Exercise prompt
The expected output is every entry that follows, reproduced exactly.

(Collected data)
^^^^

lemma integrable_indicator_g2: "J \<in> D k \<Longrightarrow> integrable \<nu> (\<lambda>x. indicator J x * (g x)^2)"
  using integrable_mult_indicator[OF dyadic_sets g_square_integrable] by simp

text \<open>\<open>g\<close> is only square integrable; on a set of finite measure \<open>g \<le> 1 + g\<^sup>2\<close> makes it integrable.\<close>
lemma integrable_indicator_g:
  assumes J: "J \<in> D k" shows "integrable \<nu> (\<lambda>x. indicator J x * g x)"
proof (rule Bochner_Integration.integrable_bound)
  show "integrable \<nu> (\<lambda>x. indicator J x + indicator J x * (g x)^2)"
    using integrable_indicator_dyadic[OF J] integrable_indicator_g2[OF J] by simp
  have "g x \<le> 1 + (g x)^2" for x
    using zero_le_power2[of "g x - 1"] g_nonneg[of x] by (simp add: power2_eq_square algebra_simps)
  then show "AE x in \<nu>. norm (indicator J x * g x) \<le> norm (indicator J x + indicator J x * (g x)^2)"
    using g_nonneg by (auto split: split_indicator)
qed (use J dyadic_sets in simp)

definition vol :: "real set \<Rightarrow> real" where
  "vol J = measure \<nu> J"

definition mass :: "real set \<Rightarrow> real" where
  "mass J = (\<integral>x. indicator J x * g x \<partial>\<nu>)"

definition energy :: "real set \<Rightarrow> real" where
  "energy J = (\<integral>x. indicator J x * (g x)^2 \<partial>\<nu>)"

definition avg :: "real set \<Rightarrow> real" where
  "avg J = mass J / vol J"

text \<open>The energy of the average: \<open>avg_energy J = avg J\<^sup>2 * vol J\<close>.\<close>
definition avg_energy :: "real set \<Rightarrow> real" where
  "avg_energy J = (mass J)^2 / vol J"

lemma vol_nonneg: "vol J \<ge> 0"
  by (simp add: vol_def)

lemma mass_nonneg: "mass J \<ge> 0"
  unfolding mass_def using g_nonneg by (intro integral_nonneg_AE) (auto split: split_indicator)

lemma avg_nonneg: "avg J \<ge> 0"
  by (simp add: avg_def mass_nonneg vol_nonneg)

lemma avg_energy_nonneg: "avg_energy J \<ge> 0"
  by (simp add: avg_energy_def vol_nonneg)

lemma vol_descendants: "J \<in> D m \<Longrightarrow> vol J = (\<Sum>J'\<in>descendants m n J. vol J')"
  using integral_indicator_descendants[OF sets_\<nu>, of J m "\<lambda>_. 1" n]
  by (simp add: vol_def integrable_indicator_dyadic descendants_D cong: sum.cong)

lemma mass_descendants: "J \<in> D m \<Longrightarrow> mass J = (\<Sum>J'\<in>descendants m n J. mass J')"
  unfolding mass_def by (rule integral_indicator_descendants[OF sets_\<nu> _ integrable_indicator_g])

lemma energy_descendants: "J \<in> D m \<Longrightarrow> energy J = (\<Sum>J'\<in>descendants m n J. energy J')"
  unfolding energy_def by (rule integral_indicator_descendants[OF sets_\<nu> _ integrable_indicator_g2])

lemma mass_eq_0: assumes J: "J \<in> D k" and "vol J = 0" shows "mass J = 0"
proof -
  have "emeasure \<nu> J = 0"
    using assms dyadic_finite_measure[OF J] by (simp add: vol_def emeasure_eq_ennreal_measure)
  then have "J \<in> null_sets \<nu>" using dyadic_sets[OF J] by auto
  then have "AE x in \<nu>. indicator J x * g x = 0" by (auto dest: AE_not_in)
  then show ?thesis unfolding mass_def by (rule integral_eq_zero_AE)
qed

lemma avg_mult_vol: "J \<in> D k \<Longrightarrow> avg J * vol J = mass J"
  unfolding avg_def using mass_eq_0 by (cases "vol J = 0") auto

lemma avg_energy_le_energy:
  assumes J: "J \<in> D k" shows "avg_energy J \<le> energy J"
proof (cases "vol J = 0")
  case True
  have "energy J \<ge> 0" unfolding energy_def by (intro integral_nonneg_AE) (auto split: split_indicator)
  with True show ?thesis by (simp add: avg_energy_def)
next
  case False
  then have vol: "vol J > 0" using vol_nonneg[of J] by simp
  define a where "a = avg J"
  have "0 \<le> (\<integral>x. indicator J x * (g x - a)^2 \<partial>\<nu>)"
    by (intro integral_nonneg_AE) (auto split: split_indicator)
  also have "\<dots> = (\<integral>x. indicator J x * (g x)^2 - 2 * a * (indicator J x * g x) + a^2 * indicator J x \<partial>\<nu>)"
    by (rule Bochner_Integration.integral_cong) (auto split: split_indicator simp: power2_eq_square algebra_simps)
  also have "\<dots> = energy J - 2 * a * mass J + a^2 * vol J"
    using integrable_indicator_g[OF J] integrable_indicator_g2[OF J] integrable_indicator_dyadic[OF J]
    by (simp add: energy_def mass_def vol_def)
  also have "\<dots> = energy J - avg_energy J"
    using vol by (simp add: a_def avg_def avg_energy_def field_simps power2_eq_square)
  finally show ?thesis by simp
qed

^^^^

Output for this task
lemma integrable_indicator_g2: "J \<in> D k \<Longrightarrow> integrable \<nu> (\<lambda>x. indicator J x * (g x)^2)"
  using integrable_mult_indicator[OF dyadic_sets g_square_integrable] by simp

text \<open>\<open>g\<close> is only square integrable; on a set of finite measure \<open>g \<le> 1 + g\<^sup>2\<close> makes it integrable.\<close>
lemma integrable_indicator_g:
  assumes J: "J \<in> D k" shows "integrable \<nu> (\<lambda>x. indicator J x * g x)"
proof (rule Bochner_Integration.integrable_bound)
  show "integrable \<nu> (\<lambda>x. indicator J x + indicator J x * (g x)^2)"
    using integrable_indicator_dyadic[OF J] integrable_indicator_g2[OF J] by simp
  have "g x \<le> 1 + (g x)^2" for x
    using zero_le_power2[of "g x - 1"] g_nonneg[of x] by (simp add: power2_eq_square algebra_simps)
  then show "AE x in \<nu>. norm (indicator J x * g x) \<le> norm (indicator J x + indicator J x * (g x)^2)"
    using g_nonneg by (auto split: split_indicator)
qed (use J dyadic_sets in simp)

definition vol :: "real set \<Rightarrow> real" where
  "vol J = measure \<nu> J"

definition mass :: "real set \<Rightarrow> real" where
  "mass J = (\<integral>x. indicator J x * g x \<partial>\<nu>)"

definition energy :: "real set \<Rightarrow> real" where
  "energy J = (\<integral>x. indicator J x * (g x)^2 \<partial>\<nu>)"

definition avg :: "real set \<Rightarrow> real" where
  "avg J = mass J / vol J"

text \<open>The energy of the average: \<open>avg_energy J = avg J\<^sup>2 * vol J\<close>.\<close>
definition avg_energy :: "real set \<Rightarrow> real" where
  "avg_energy J = (mass J)^2 / vol J"

lemma vol_nonneg: "vol J \<ge> 0"
  by (simp add: vol_def)

lemma mass_nonneg: "mass J \<ge> 0"
  unfolding mass_def using g_nonneg by (intro integral_nonneg_AE) (auto split: split_indicator)

lemma avg_nonneg: "avg J \<ge> 0"
  by (simp add: avg_def mass_nonneg vol_nonneg)

lemma avg_energy_nonneg: "avg_energy J \<ge> 0"
  by (simp add: avg_energy_def vol_nonneg)

lemma vol_descendants: "J \<in> D m \<Longrightarrow> vol J = (\<Sum>J'\<in>descendants m n J. vol J')"
  using integral_indicator_descendants[OF sets_\<nu>, of J m "\<lambda>_. 1" n]
  by (simp add: vol_def integrable_indicator_dyadic descendants_D cong: sum.cong)

lemma mass_descendants: "J \<in> D m \<Longrightarrow> mass J = (\<Sum>J'\<in>descendants m n J. mass J')"
  unfolding mass_def by (rule integral_indicator_descendants[OF sets_\<nu> _ integrable_indicator_g])

lemma energy_descendants: "J \<in> D m \<Longrightarrow> energy J = (\<Sum>J'\<in>descendants m n J. energy J')"
  unfolding energy_def by (rule integral_indicator_descendants[OF sets_\<nu> _ integrable_indicator_g2])

lemma mass_eq_0: assumes J: "J \<in> D k" and "vol J = 0" shows "mass J = 0"
proof -
  have "emeasure \<nu> J = 0"
    using assms dyadic_finite_measure[OF J] by (simp add: vol_def emeasure_eq_ennreal_measure)
  then have "J \<in> null_sets \<nu>" using dyadic_sets[OF J] by auto
  then have "AE x in \<nu>. indicator J x * g x = 0" by (auto dest: AE_not_in)
  then show ?thesis unfolding mass_def by (rule integral_eq_zero_AE)
qed

lemma avg_mult_vol: "J \<in> D k \<Longrightarrow> avg J * vol J = mass J"
  unfolding avg_def using mass_eq_0 by (cases "vol J = 0") auto

lemma avg_energy_le_energy:
  assumes J: "J \<in> D k" shows "avg_energy J \<le> energy J"
proof (cases "vol J = 0")
  case True
  have "energy J \<ge> 0" unfolding energy_def by (intro integral_nonneg_AE) (auto split: split_indicator)
  with True show ?thesis by (simp add: avg_energy_def)
next
  case False
  then have vol: "vol J > 0" using vol_nonneg[of J] by simp
  define a where "a = avg J"
  have "0 \<le> (\<integral>x. indicator J x * (g x - a)^2 \<partial>\<nu>)"
    by (intro integral_nonneg_AE) (auto split: split_indicator)
  also have "\<dots> = (\<integral>x. indicator J x * (g x)^2 - 2 * a * (indicator J x * g x) + a^2 * indicator J x \<partial>\<nu>)"
    by (rule Bochner_Integration.integral_cong) (auto split: split_indicator simp: power2_eq_square algebra_simps)
  also have "\<dots> = energy J - 2 * a * mass J + a^2 * vol J"
    using integrable_indicator_g[OF J] integrable_indicator_g2[OF J] integrable_indicator_dyadic[OF J]
    by (simp add: energy_def mass_def vol_def)
  also have "\<dots> = energy J - avg_energy J"
    using vol by (simp add: a_def avg_def avg_energy_def field_simps power2_eq_square)
  finally show ?thesis by simp
qed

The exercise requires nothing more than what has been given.